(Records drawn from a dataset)

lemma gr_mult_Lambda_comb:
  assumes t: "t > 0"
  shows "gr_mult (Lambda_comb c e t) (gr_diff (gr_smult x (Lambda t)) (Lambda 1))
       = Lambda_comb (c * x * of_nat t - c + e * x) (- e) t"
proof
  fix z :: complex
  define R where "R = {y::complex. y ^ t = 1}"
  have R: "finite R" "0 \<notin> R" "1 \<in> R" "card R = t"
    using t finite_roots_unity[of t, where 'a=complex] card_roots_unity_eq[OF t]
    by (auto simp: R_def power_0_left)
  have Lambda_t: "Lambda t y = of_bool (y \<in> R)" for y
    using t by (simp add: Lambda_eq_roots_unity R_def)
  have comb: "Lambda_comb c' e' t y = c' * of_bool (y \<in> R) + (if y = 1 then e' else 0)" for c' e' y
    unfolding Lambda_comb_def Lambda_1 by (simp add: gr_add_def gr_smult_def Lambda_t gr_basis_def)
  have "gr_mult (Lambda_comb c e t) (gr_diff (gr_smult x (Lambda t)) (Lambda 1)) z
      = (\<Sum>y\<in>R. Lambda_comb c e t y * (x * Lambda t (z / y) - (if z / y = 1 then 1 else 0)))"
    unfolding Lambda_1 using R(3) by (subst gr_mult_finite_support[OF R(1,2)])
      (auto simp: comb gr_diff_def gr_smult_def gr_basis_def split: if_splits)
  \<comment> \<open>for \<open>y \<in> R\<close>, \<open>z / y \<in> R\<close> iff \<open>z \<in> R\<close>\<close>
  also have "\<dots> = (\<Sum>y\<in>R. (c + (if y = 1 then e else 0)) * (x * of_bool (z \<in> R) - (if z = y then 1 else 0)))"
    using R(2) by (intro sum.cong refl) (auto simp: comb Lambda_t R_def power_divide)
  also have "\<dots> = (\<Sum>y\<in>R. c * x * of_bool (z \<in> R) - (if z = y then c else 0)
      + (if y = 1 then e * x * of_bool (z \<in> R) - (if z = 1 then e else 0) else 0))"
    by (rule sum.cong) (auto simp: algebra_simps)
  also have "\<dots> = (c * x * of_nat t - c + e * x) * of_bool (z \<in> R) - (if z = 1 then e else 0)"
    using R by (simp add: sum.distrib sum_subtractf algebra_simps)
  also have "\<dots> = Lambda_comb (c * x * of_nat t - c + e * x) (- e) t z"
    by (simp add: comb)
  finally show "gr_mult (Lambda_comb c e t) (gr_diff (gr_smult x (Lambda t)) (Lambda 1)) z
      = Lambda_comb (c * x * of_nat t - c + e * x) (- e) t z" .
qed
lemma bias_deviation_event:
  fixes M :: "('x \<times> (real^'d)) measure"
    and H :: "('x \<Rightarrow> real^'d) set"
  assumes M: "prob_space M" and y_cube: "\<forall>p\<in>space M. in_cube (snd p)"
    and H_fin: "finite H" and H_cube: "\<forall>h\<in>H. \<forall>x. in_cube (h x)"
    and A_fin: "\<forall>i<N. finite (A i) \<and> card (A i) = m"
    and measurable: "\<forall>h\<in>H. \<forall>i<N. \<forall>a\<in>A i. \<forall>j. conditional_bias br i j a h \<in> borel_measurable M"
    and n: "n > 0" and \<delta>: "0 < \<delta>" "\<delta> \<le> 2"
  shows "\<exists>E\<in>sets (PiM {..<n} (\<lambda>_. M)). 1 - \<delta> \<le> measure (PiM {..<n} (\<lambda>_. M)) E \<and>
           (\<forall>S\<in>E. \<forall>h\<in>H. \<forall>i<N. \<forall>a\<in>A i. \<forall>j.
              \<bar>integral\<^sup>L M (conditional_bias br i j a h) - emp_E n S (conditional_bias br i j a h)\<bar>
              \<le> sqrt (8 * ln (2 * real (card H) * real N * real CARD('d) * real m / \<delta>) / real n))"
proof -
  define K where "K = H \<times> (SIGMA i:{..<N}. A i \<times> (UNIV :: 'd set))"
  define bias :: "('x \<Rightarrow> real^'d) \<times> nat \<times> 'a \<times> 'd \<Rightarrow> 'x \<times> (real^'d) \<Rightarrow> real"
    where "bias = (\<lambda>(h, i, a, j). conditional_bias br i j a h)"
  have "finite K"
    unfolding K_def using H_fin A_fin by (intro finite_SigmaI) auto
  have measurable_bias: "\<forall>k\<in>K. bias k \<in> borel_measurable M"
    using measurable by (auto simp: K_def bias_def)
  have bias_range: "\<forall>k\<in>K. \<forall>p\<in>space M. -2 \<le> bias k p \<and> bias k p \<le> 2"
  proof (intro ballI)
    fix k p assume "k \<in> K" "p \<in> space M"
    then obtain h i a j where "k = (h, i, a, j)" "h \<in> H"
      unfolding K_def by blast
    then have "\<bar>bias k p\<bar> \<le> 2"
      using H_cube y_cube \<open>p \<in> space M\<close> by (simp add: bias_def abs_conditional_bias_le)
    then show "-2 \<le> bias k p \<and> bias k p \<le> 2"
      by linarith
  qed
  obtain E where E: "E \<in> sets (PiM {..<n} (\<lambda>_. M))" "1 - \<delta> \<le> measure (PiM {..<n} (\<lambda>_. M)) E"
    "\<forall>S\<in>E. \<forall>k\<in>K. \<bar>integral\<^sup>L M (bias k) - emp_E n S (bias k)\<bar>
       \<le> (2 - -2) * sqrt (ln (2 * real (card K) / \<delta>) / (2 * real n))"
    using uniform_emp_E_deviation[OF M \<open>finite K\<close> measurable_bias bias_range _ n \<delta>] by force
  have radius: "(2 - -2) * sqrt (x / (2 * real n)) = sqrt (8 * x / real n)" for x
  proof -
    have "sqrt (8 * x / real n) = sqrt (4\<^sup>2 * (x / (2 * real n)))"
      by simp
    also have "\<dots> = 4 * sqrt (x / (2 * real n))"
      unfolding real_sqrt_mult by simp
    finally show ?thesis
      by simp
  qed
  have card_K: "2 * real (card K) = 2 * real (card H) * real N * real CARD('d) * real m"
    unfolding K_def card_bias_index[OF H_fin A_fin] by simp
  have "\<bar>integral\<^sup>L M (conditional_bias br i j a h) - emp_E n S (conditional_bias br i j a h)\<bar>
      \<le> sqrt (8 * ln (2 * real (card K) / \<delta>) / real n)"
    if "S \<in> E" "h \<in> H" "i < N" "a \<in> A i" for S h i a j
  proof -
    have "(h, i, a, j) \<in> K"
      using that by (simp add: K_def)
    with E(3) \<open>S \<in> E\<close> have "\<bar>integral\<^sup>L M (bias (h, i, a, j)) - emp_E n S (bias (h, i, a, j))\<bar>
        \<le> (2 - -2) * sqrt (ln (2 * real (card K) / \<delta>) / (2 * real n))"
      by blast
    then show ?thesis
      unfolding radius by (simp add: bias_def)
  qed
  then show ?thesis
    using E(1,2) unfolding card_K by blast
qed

### What to do
Please copy every line of the records above in which "unfolding" appears.

### Response to this exercise
    unfolding Lambda_comb_def Lambda_1 by (simp add: gr_add_def gr_smult_def Lambda_t gr_basis_def)
    unfolding Lambda_1 using R(3) by (subst gr_mult_finite_support[OF R(1,2)])
    unfolding K_def using H_fin A_fin by (intro finite_SigmaI) auto
      unfolding K_def by blast
      unfolding real_sqrt_mult by simp
    unfolding K_def card_bias_index[OF H_fin A_fin] by simp
      unfolding radius by (simp add: bias_def)
    using E(1,2) unfolding card_K by blast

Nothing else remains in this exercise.